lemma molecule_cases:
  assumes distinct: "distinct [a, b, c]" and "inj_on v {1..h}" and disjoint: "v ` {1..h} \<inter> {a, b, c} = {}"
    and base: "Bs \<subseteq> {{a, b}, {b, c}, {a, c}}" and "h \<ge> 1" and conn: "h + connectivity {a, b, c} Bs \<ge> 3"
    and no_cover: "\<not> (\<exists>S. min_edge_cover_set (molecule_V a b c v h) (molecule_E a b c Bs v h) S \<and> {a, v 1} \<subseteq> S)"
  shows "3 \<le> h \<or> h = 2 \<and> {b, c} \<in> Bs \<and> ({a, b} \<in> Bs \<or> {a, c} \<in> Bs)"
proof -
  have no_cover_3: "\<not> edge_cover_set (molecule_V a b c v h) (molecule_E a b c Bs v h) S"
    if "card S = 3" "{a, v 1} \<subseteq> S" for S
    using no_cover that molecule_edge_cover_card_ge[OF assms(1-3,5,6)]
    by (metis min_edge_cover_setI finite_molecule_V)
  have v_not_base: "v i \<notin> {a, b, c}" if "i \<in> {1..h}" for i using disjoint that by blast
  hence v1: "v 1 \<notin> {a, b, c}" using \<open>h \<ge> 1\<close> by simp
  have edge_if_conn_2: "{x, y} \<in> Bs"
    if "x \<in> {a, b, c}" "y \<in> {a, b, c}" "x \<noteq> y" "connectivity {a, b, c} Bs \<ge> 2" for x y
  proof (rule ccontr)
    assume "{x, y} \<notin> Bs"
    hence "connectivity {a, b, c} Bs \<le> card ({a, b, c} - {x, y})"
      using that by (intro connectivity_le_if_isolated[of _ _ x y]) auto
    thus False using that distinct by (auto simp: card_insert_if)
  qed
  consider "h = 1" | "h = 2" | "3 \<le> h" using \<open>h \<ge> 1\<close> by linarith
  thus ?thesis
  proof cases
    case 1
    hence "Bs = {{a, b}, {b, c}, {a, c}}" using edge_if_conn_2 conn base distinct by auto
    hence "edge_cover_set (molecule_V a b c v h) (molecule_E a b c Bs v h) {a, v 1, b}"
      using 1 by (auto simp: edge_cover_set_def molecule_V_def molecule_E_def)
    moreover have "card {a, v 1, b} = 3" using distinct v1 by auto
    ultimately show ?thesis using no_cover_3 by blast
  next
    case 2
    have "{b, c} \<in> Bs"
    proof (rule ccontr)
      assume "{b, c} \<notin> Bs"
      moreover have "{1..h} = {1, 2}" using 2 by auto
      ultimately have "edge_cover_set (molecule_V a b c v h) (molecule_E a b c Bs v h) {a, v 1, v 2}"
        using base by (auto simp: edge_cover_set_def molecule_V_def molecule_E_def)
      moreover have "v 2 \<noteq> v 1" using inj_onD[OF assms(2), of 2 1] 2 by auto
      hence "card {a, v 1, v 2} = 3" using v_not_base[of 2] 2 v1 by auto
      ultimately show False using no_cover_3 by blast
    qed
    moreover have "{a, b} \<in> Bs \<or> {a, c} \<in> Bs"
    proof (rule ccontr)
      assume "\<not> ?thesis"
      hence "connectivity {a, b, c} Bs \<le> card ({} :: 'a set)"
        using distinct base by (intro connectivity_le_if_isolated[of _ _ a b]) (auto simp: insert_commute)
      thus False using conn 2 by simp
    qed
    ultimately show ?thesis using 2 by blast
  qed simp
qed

========================

### Problem description
For every line of the material that holds the word "open", make a copy.

### Response to this exercise
  hence v1: "v 1 \<notin> {a, b, c}" using \<open>h \<ge> 1\<close> by simp
  consider "h = 1" | "h = 2" | "3 \<le> h" using \<open>h \<ge> 1\<close> by linarith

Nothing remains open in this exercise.